(Items from a data source)
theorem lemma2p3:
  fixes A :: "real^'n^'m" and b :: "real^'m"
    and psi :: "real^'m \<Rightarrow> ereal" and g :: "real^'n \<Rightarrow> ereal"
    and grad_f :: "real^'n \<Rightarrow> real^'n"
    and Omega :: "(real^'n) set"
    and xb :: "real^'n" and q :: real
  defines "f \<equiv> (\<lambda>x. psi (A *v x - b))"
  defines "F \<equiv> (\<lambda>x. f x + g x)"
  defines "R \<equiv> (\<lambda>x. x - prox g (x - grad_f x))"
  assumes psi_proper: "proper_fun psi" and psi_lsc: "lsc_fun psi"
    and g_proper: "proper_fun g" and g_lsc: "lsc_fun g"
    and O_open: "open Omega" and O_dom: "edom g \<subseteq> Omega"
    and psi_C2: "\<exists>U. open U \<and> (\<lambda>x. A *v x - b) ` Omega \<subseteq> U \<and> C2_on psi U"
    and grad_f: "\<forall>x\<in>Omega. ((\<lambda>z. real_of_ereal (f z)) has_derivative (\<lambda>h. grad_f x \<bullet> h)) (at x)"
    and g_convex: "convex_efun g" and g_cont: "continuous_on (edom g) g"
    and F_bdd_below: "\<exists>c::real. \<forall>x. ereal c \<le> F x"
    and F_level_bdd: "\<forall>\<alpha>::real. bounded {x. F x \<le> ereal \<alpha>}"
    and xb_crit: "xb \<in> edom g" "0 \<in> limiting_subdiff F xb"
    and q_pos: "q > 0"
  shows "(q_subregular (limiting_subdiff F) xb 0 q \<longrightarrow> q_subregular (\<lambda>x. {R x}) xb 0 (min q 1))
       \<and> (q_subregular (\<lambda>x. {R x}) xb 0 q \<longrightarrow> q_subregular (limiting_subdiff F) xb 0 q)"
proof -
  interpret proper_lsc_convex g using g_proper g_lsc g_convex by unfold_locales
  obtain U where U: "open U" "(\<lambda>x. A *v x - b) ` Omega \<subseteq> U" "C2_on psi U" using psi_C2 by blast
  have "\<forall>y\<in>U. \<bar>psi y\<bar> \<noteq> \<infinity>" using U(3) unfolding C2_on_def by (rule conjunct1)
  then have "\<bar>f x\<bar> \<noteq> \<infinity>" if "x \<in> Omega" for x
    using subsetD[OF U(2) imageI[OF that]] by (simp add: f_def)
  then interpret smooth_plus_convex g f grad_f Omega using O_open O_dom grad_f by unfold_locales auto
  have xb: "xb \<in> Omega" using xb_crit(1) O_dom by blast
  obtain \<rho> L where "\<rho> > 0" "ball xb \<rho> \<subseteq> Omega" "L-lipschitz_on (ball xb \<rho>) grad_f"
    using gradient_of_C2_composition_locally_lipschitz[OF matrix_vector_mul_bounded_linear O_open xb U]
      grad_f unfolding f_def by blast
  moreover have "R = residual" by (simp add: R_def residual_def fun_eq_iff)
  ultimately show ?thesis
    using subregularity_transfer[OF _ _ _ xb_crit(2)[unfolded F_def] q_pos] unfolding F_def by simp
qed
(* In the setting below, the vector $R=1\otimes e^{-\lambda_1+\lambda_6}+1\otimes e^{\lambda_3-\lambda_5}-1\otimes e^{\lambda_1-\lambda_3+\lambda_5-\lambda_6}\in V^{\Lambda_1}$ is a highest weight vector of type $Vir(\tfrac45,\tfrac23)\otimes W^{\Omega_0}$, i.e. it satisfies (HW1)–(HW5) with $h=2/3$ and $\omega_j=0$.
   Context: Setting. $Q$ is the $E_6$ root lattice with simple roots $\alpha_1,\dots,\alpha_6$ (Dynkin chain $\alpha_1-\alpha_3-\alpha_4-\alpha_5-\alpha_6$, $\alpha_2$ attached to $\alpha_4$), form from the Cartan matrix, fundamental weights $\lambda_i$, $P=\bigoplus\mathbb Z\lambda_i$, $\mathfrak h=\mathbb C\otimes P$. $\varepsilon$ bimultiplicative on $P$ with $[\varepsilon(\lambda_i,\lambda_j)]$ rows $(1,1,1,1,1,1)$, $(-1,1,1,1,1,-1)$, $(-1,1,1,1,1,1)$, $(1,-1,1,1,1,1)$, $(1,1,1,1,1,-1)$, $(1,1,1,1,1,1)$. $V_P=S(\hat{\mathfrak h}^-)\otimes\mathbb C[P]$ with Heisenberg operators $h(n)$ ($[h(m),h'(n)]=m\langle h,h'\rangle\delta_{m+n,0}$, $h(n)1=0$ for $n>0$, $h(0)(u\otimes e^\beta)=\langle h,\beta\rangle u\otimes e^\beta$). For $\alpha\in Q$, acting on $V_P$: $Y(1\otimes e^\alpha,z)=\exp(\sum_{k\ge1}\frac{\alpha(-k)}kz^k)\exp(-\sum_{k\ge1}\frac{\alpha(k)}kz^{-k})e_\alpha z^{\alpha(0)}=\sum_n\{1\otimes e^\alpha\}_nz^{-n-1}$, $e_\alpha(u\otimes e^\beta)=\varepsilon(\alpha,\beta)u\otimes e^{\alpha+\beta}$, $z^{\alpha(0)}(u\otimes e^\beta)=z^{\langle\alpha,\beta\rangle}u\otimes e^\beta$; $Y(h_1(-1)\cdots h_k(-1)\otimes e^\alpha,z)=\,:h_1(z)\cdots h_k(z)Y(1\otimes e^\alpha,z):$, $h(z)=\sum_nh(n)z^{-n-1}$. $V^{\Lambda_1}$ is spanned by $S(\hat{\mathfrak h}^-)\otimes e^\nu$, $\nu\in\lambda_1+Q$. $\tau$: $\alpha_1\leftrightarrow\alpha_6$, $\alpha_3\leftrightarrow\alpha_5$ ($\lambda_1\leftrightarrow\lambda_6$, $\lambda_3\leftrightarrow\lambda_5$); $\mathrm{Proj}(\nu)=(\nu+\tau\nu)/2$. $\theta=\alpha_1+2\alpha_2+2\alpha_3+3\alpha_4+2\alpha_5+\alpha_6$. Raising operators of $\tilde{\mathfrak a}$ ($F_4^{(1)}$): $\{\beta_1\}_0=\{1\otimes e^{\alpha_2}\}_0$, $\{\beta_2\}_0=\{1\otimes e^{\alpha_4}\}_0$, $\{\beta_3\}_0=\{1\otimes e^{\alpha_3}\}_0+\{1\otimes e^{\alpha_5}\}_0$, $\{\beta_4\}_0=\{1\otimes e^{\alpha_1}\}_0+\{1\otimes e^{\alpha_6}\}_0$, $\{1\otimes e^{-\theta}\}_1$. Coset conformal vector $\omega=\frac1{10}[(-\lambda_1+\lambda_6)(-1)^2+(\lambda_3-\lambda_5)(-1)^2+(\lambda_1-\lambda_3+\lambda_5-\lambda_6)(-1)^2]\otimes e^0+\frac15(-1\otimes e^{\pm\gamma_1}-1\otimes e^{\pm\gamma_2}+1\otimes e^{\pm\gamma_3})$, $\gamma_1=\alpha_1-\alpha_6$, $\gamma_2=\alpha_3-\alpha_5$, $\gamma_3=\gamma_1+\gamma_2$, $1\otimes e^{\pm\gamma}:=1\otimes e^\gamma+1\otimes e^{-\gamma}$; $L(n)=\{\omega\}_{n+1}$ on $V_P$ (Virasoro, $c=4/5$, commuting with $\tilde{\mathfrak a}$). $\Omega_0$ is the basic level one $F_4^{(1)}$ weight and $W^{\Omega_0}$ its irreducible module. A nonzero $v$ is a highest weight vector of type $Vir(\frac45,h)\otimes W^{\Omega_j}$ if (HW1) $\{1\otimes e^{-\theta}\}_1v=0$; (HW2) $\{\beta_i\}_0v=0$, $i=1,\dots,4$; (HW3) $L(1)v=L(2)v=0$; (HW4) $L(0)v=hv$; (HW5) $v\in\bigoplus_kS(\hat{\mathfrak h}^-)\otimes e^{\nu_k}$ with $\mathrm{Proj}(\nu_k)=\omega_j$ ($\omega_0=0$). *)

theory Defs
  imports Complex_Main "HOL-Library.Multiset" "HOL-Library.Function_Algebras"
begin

▸ What is being asked
Only those lines of the entries above that run from the line containing "using subregularity_transfer[OF _" to the line containing "(* In the setting", both included, should be transcribed exactly.

▸ Reply
    using subregularity_transfer[OF _ _ _ xb_crit(2)[unfolded F_def] q_pos] unfolding F_def by simp
qed
(* In the setting below, the vector $R=1\otimes e^{-\lambda_1+\lambda_6}+1\otimes e^{\lambda_3-\lambda_5}-1\otimes e^{\lambda_1-\lambda_3+\lambda_5-\lambda_6}\in V^{\Lambda_1}$ is a highest weight vector of type $Vir(\tfrac45,\tfrac23)\otimes W^{\Omega_0}$, i.e. it satisfies (HW1)–(HW5) with $h=2/3$ and $\omega_j=0$.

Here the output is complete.